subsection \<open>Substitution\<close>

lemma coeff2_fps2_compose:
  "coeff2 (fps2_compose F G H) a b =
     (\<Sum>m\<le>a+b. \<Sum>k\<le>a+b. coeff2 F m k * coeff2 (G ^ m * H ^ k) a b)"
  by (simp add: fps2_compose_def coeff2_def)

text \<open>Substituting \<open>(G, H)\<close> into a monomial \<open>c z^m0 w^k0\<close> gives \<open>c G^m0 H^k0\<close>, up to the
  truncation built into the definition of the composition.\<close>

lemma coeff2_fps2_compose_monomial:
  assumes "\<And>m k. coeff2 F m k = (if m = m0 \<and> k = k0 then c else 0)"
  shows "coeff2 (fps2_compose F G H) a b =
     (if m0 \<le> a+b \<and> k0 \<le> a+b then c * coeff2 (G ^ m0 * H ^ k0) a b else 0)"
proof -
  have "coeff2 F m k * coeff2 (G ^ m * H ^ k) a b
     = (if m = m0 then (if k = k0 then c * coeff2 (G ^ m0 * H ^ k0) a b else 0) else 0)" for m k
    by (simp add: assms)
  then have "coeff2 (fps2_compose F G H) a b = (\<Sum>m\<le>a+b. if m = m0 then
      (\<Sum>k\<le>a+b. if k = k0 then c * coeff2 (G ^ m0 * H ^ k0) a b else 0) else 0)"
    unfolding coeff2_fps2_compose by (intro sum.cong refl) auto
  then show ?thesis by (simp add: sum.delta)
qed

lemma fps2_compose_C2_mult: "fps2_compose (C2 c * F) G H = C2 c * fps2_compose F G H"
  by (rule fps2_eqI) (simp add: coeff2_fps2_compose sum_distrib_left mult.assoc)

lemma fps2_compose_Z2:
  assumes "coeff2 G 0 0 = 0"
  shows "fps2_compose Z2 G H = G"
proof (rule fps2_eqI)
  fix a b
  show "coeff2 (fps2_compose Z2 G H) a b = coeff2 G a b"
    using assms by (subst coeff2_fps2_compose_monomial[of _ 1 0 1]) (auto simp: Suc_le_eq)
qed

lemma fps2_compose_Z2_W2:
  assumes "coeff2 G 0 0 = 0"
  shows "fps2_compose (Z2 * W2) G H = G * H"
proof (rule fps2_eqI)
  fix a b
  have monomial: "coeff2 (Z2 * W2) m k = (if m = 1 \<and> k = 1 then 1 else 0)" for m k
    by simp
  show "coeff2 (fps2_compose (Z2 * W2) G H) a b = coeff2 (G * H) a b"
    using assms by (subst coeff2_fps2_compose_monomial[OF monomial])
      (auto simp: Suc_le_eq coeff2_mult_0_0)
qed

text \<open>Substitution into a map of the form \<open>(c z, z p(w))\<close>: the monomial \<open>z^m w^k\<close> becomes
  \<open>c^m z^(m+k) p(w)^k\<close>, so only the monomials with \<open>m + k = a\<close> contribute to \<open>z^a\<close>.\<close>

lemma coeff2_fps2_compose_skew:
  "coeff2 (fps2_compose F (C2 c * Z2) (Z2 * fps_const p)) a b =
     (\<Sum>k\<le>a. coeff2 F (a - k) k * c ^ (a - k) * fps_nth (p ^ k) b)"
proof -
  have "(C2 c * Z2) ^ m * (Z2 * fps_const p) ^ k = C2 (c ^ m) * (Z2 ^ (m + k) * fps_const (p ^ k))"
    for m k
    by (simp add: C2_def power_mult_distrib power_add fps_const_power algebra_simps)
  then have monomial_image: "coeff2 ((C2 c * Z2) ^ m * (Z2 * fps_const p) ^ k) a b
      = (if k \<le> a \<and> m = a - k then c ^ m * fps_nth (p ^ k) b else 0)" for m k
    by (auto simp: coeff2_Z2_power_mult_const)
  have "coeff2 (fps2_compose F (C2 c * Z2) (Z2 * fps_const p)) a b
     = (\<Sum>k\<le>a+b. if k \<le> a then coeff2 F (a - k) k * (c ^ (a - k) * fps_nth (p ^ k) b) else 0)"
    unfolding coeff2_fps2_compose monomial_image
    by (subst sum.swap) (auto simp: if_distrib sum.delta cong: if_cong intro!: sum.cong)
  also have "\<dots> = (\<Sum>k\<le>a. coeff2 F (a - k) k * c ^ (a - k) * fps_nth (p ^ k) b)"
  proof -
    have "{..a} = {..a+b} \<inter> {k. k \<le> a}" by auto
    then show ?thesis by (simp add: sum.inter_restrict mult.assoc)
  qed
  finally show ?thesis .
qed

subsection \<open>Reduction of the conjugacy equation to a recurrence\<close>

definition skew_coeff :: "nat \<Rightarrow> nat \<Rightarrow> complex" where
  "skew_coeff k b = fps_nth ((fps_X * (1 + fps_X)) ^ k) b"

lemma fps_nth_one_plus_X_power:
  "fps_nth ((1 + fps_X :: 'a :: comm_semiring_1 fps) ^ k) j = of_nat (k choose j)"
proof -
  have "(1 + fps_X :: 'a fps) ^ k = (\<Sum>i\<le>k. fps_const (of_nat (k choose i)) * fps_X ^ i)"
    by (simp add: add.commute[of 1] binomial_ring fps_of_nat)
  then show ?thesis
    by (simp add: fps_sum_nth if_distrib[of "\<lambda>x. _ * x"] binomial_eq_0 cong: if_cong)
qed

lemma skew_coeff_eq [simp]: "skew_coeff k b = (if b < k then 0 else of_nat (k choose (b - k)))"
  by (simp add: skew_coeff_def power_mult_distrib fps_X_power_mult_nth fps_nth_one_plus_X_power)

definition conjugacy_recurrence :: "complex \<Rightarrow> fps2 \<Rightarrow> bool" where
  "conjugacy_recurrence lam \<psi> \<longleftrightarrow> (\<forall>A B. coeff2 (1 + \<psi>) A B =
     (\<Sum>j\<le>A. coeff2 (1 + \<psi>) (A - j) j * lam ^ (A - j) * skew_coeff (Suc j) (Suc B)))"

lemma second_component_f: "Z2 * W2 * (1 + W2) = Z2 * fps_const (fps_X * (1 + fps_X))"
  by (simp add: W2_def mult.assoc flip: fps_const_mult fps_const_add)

◇ ◇ ◇

→ **What to work on**: When you come to the line containing "by (simp add: fps2_compose_def coeff2_def)", give it and stop; before that, repeat each line of the material exactly from the first one.

→ **Output of the task**:
subsection \<open>Substitution\<close>

lemma coeff2_fps2_compose:
  "coeff2 (fps2_compose F G H) a b =
     (\<Sum>m\<le>a+b. \<Sum>k\<le>a+b. coeff2 F m k * coeff2 (G ^ m * H ^ k) a b)"
  by (simp add: fps2_compose_def coeff2_def)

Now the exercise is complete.